You don't need to take my word for it. I'm going to quote the Climate Council, who said this about the budget:

Billions for green industry, no new money for gas—this is how we build Australia's clean future.

And I'm proud of that. I'm proud of the fact that, as part of the investments that we are making, we have allocated $22.7 billion to fund the transition towards net zero. There is our new money, including $28 million over two years towards a national adaptation plan, $1.3 billion over the next decade for the Hydrogen Headstart program, $121 million for Australia's first national independent environment protection agency, which the minister for the environment introduced into the parliament today and which is going to have strong new powers and penalties to better protect nature. This is a good budget and a responsible budget, when we look at how we are setting up our future and how we are setting up our economy as we transition towards a low-emissions future.

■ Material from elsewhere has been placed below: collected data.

theorem proposition6p7:
  fixes F :: "'a::real_normed_vector \<Rightarrow> 'b::euclidean_space set"
    and P :: "'b set" and x :: 'a and y :: 'b and S :: "('a \<times> 'b) set"
  assumes "ordering_cone P"
    and "y \<in> F x"
    and "lipschitz_around F x"
    and "y \<in> proper_efficient (F x) P"
    and "S \<noteq> {}" and "compact S"
  shows "P_bounded (closure (\<Union>(v, w)\<in>S. (\<lambda>z. w + z) ` gen_contingent_epiderivative F P x y v)) P"
proof -
  let ?A = "\<Union>(v, w)\<in>S. (\<lambda>z. w + z) ` gen_contingent_epiderivative F P x y v"
  define B where "B = {d. \<exists>v w. (v, w) \<in> S \<and> d \<in> contingent_derivative (epi_map F P) x y v}"
  obtain M where M: "0 < M" "\<And>p. p \<in> S \<Longrightarrow> norm p \<le> M"
    using compact_imp_bounded[OF assms(6)] bounded_pos by blast
  have S_bound: "norm v \<le> M" "norm w \<le> M" if "(v, w) \<in> S" for v w
    using M(2)[OF that] norm_fst_le[of v w] norm_snd_le[of w v] by simp_all
  have "recession_cone (closure ?A) \<subseteq> recession_cone ?A"
    by (rule recession_cone_closure_subset)
  also have "\<dots> \<subseteq> recession_cone B"
  proof (rule recession_cone_bounded_perturbation[of M])
    fix a assume "a \<in> ?A"
    then obtain v w d where "(v, w) \<in> S" "d \<in> gen_contingent_epiderivative F P x y v" "a = w + d"
      by blast
    then show "\<exists>w d. a = w + d \<and> norm w \<le> M \<and> d \<in> B"
      using S_bound unfolding B_def gen_contingent_epiderivative_def efficient_def by blast
  qed (use M(1) in simp)
  also have "\<dots> \<subseteq> contingent_cone (epi_map F P x) y"
    by (rule recession_of_derivative_values_tangent[OF lipschitz_around_epi_map[OF assms(3)], of M])
       (use M(1) S_bound in \<open>auto simp: B_def\<close>)
  finally have "recession_cone (closure ?A) \<subseteq> contingent_cone (epi_map F P x) y" .
  moreover have "contingent_cone (epi_map F P x) y \<inter> uminus ` P = {0}"
    using assms(4) by (simp add: proper_efficient_def epi_map_def)
  ultimately show ?thesis unfolding P_bounded_def by blast
qed

end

There are a couple of other measures in this budget that I'm really proud of. The electorate of Macnamara is home to some of the best artistic institutions in the entire world, let alone the country. And we don't get that world-class creative sector that we've got in my electorate without training the young Australians and training the young artists in the fields of their talents, passions and expertise. That's why I'm incredibly proud of the $117 million in this budget that is going to eight national arts training organisations, including the Australian Ballet School, which I was pleased to visit with the Minister for the Arts last week, and the Australian National Academy of Music, whose home is in South Melbourne, in my electorate; it's currently got a residency in Abbotsford, in the electorate of the member for Melbourne. I'm looking forward to ANAM taking its rightful place back at home in Macnamara. We are investing in the future of these organisations and the future careers of these young artists, and I'm incredibly proud of that.

This budget is a responsible budget. It's one that delivers a surplus for the second time in two years—something those opposite put on a mug but didn't actually deliver in the budget papers. This budget is a reflection of responsible economic management, while also understanding that Australians are facing cost-of-living pressures and while also investing in the things we need for the future—investing in more homes, investing in the future of education, making sure that more Australians can access university but not be burdened by debt. This budget also invests in the clean energy future that we desperately need.

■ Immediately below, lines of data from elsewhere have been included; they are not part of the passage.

(* Let $G$ be a graph whose twin graph $G^*$ is isomorphic to a triangle with one pendant edge attached (so $G^*$ has two vertices of degree 2, one of degree 3 and one leaf), where one of the degree-2 vertices is of type (N), the other degree-2 vertex is of type (1K), the leaf is of type (1N), and moreover, if the degree-2 vertex of type (1K) is of type (K), then neither the leaf nor the degree-3 vertex is of type (N). Then $D(G)\neq n(G)-2$.
   Context: All graphs are finite and simple; $n(G)=|V(G)|$; $N_G(u)$ is the neighborhood of $u$. A distinguishing coloring of a graph $G$ is a (not necessarily proper) vertex coloring such that the only automorphism of $G$ mapping every vertex to a vertex of the same color is the identity; the distinguishing number $D(G)$ is the minimum number of colors in a distinguishing coloring of $G$. Two distinct vertices $u,v$ are twins if $N_G(u)\setminus\{v\}=N_G(v)\setminus\{u\}$. The relation $u\equiv v$ iff $u=v$ or $u,v$ are twins is an equivalence relation; the class of $v$ is denoted $v^*$. The twin graph $G^*$ has the equivalence classes as vertices, distinct classes $u^*,v^*$ being adjacent iff $uv\in E(G)$. Each class induces a complete or an edgeless graph. A class $v^*$ is of type (1) if $|v^*|=1$, of type (K) if $|v^*|\ge 2$ and it induces a complete graph, and of type (N) if $|v^*|\ge2$ and it induces an edgeless graph; type (1K) means type (1) or (K), type (1N) means (1) or (N), and type (KN) means (K) or (N). *)

theory Defs
  imports Main
begin

definition graph :: "'a set \<Rightarrow> ('a \<Rightarrow> 'a \<Rightarrow> bool) \<Rightarrow> bool" where
  "graph V E \<longleftrightarrow> finite V \<and> (\<forall>u v. E u v \<longrightarrow> u \<in> V \<and> v \<in> V \<and> u \<noteq> v \<and> E v u)"

definition nbhd :: "'a set \<Rightarrow> ('a \<Rightarrow> 'a \<Rightarrow> bool) \<Rightarrow> 'a \<Rightarrow> 'a set" where
  "nbhd V E u = {v \<in> V. E u v}"

definition automorphism :: "'a set \<Rightarrow> ('a \<Rightarrow> 'a \<Rightarrow> bool) \<Rightarrow> ('a \<Rightarrow> 'a) \<Rightarrow> bool" where
  "automorphism V E f \<longleftrightarrow> bij_betw f V V \<and> (\<forall>u\<in>V. \<forall>v\<in>V. E (f u) (f v) \<longleftrightarrow> E u v)"

definition distinguishing :: "'a set \<Rightarrow> ('a \<Rightarrow> 'a \<Rightarrow> bool) \<Rightarrow> ('a \<Rightarrow> nat) \<Rightarrow> bool" where
  "distinguishing V E c \<longleftrightarrow>
     (\<forall>f. automorphism V E f \<and> (\<forall>v\<in>V. c (f v) = c v) \<longrightarrow> (\<forall>v\<in>V. f v = v))"

definition dist_num :: "'a set \<Rightarrow> ('a \<Rightarrow> 'a \<Rightarrow> bool) \<Rightarrow> nat" where
  "dist_num V E = (LEAST k. \<exists>c. c ` V \<subseteq> {..<k} \<and> distinguishing V E c)"

definition twins :: "'a set \<Rightarrow> ('a \<Rightarrow> 'a \<Rightarrow> bool) \<Rightarrow> 'a \<Rightarrow> 'a \<Rightarrow> bool" where
  "twins V E u v \<longleftrightarrow> u \<noteq> v \<and> nbhd V E u - {v} = nbhd V E v - {u}"

definition twin_class :: "'a set \<Rightarrow> ('a \<Rightarrow> 'a \<Rightarrow> bool) \<Rightarrow> 'a \<Rightarrow> 'a set" where
  "twin_class V E v = {u \<in> V. u = v \<or> twins V E u v}"

text \<open>Twin graph G*: vertices are the twin classes, distinct classes adjacent iff
some (equivalently every) pair of representatives is adjacent.\<close>
definition twin_vertices :: "'a set \<Rightarrow> ('a \<Rightarrow> 'a \<Rightarrow> bool) \<Rightarrow> 'a set set" where
  "twin_vertices V E = twin_class V E ` V"

definition twin_adj :: "'a set \<Rightarrow> ('a \<Rightarrow> 'a \<Rightarrow> bool) \<Rightarrow> 'a set \<Rightarrow> 'a set \<Rightarrow> bool" where
  "twin_adj V E X Y \<longleftrightarrow> X \<noteq> Y \<and> (\<exists>u\<in>X. \<exists>v\<in>Y. E u v)"

definition type_1 :: "'a set \<Rightarrow> bool" where
  "type_1 X \<longleftrightarrow> card X = 1"

definition type_K :: "('a \<Rightarrow> 'a \<Rightarrow> bool) \<Rightarrow> 'a set \<Rightarrow> bool" where
  "type_K E X \<longleftrightarrow> card X \<ge> 2 \<and> (\<forall>u\<in>X. \<forall>v\<in>X. u \<noteq> v \<longrightarrow> E u v)"

definition type_N :: "('a \<Rightarrow> 'a \<Rightarrow> bool) \<Rightarrow> 'a set \<Rightarrow> bool" where
  "type_N E X \<longleftrightarrow> card X \<ge> 2 \<and> (\<forall>u\<in>X. \<forall>v\<in>X. \<not> E u v)"

text \<open>G* is isomorphic to the paw (triangle A B C with pendant edge C L):
A, B the degree-2 vertices, C the degree-3 vertex, L the leaf.\<close>
definition twin_graph_paw :: "'a set \<Rightarrow> ('a \<Rightarrow> 'a \<Rightarrow> bool) \<Rightarrow> 'a set \<Rightarrow> 'a set \<Rightarrow> 'a set \<Rightarrow> 'a set \<Rightarrow> bool" where
  "twin_graph_paw V E A B C L \<longleftrightarrow>
     twin_vertices V E = {A, B, C, L} \<and>
     A \<noteq> B \<and> A \<noteq> C \<and> A \<noteq> L \<and> B \<noteq> C \<and> B \<noteq> L \<and> C \<noteq> L \<and>
     twin_adj V E A B \<and> twin_adj V E A C \<and> twin_adj V E B C \<and> twin_adj V E C L \<and>
     \<not> twin_adj V E A L \<and> \<not> twin_adj V E B L"

end

theory Submission
  imports Defs
begin

text \<open>Pick two vertices \<open>a\<^sub>1, a\<^sub>2\<close> of the class A of type (N) and representatives b, c, l of
B, C, L. Every automorphism fixing all vertices outside \<open>S = {a\<^sub>1, b, c, l}\<close>, in particular
\<open>a\<^sub>2\<close>, is the identity: it permutes S, preserves the neighbours \<open>{b, c}\<close> of \<open>a\<^sub>2\<close> in S,
cannot swap \<open>a\<^sub>1\<close> with l because l is not adjacent to b, and then cannot swap b with c
because l is adjacent to c only. Giving S one colour and every other vertex its own colour
is therefore distinguishing, so \<open>D(G) \<le> n(G) - 3\<close>. Only the type of A matters.\<close>

lemma graph_adjD:
  assumes "graph V E" and "E u v"
  shows "E v u \<and> u \<noteq> v \<and> u \<in> V \<and> v \<in> V"
  using assms unfolding graph_def by blast

lemma twins_iff:
  assumes "graph V E"
  shows "twins V E u v \<longleftrightarrow> u \<noteq> v \<and> (\<forall>z. z \<noteq> u \<and> z \<noteq> v \<longrightarrow> (E u z \<longleftrightarrow> E v z))"
  unfolding twins_def nbhd_def set_eq_iff by (auto dest: graph_adjD[OF assms])

lemma twins_trans:
  assumes g: "graph V E" and "twins V E u v" and "twins V E v w" and "u \<noteq> w"
  shows "twins V E u w"
proof -
  have uv: "u \<noteq> v" "\<And>z. z \<noteq> u \<Longrightarrow> z \<noteq> v \<Longrightarrow> E u z \<longleftrightarrow> E v z"
   and vw: "v \<noteq> w" "\<And>z. z \<noteq> v \<Longrightarrow> z \<noteq> w \<Longrightarrow> E v z \<longleftrightarrow> E w z"
    using assms twins_iff[OF g] by blast+
  have "E u v \<longleftrightarrow> E w v"
    using uv(2)[of w] vw(2)[of u] uv(1) vw(1) \<open>u \<noteq> w\<close> graph_adjD[OF g] by blast
  then have "E u z \<longleftrightarrow> E w z" if "z \<noteq> u" "z \<noteq> w" for z
    using that uv(2)[of z] vw(2)[of z] by (cases "z = v") auto
  then show ?thesis using \<open>u \<noteq> w\<close> twins_iff[OF g] by blast
qed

We cannot have our heads in the sand. We need to do everything we possibly can to reduce our emissions. But we have to do it by creating jobs, bringing the country with us and investing in the sort of technology that is going to make Australia prosperous for the years to come. I'm proud of this budget. I'm proud of the impacts that this is going to have and the assistance it's going to give to the people in my wonderful electorate. I commend this motion to the House.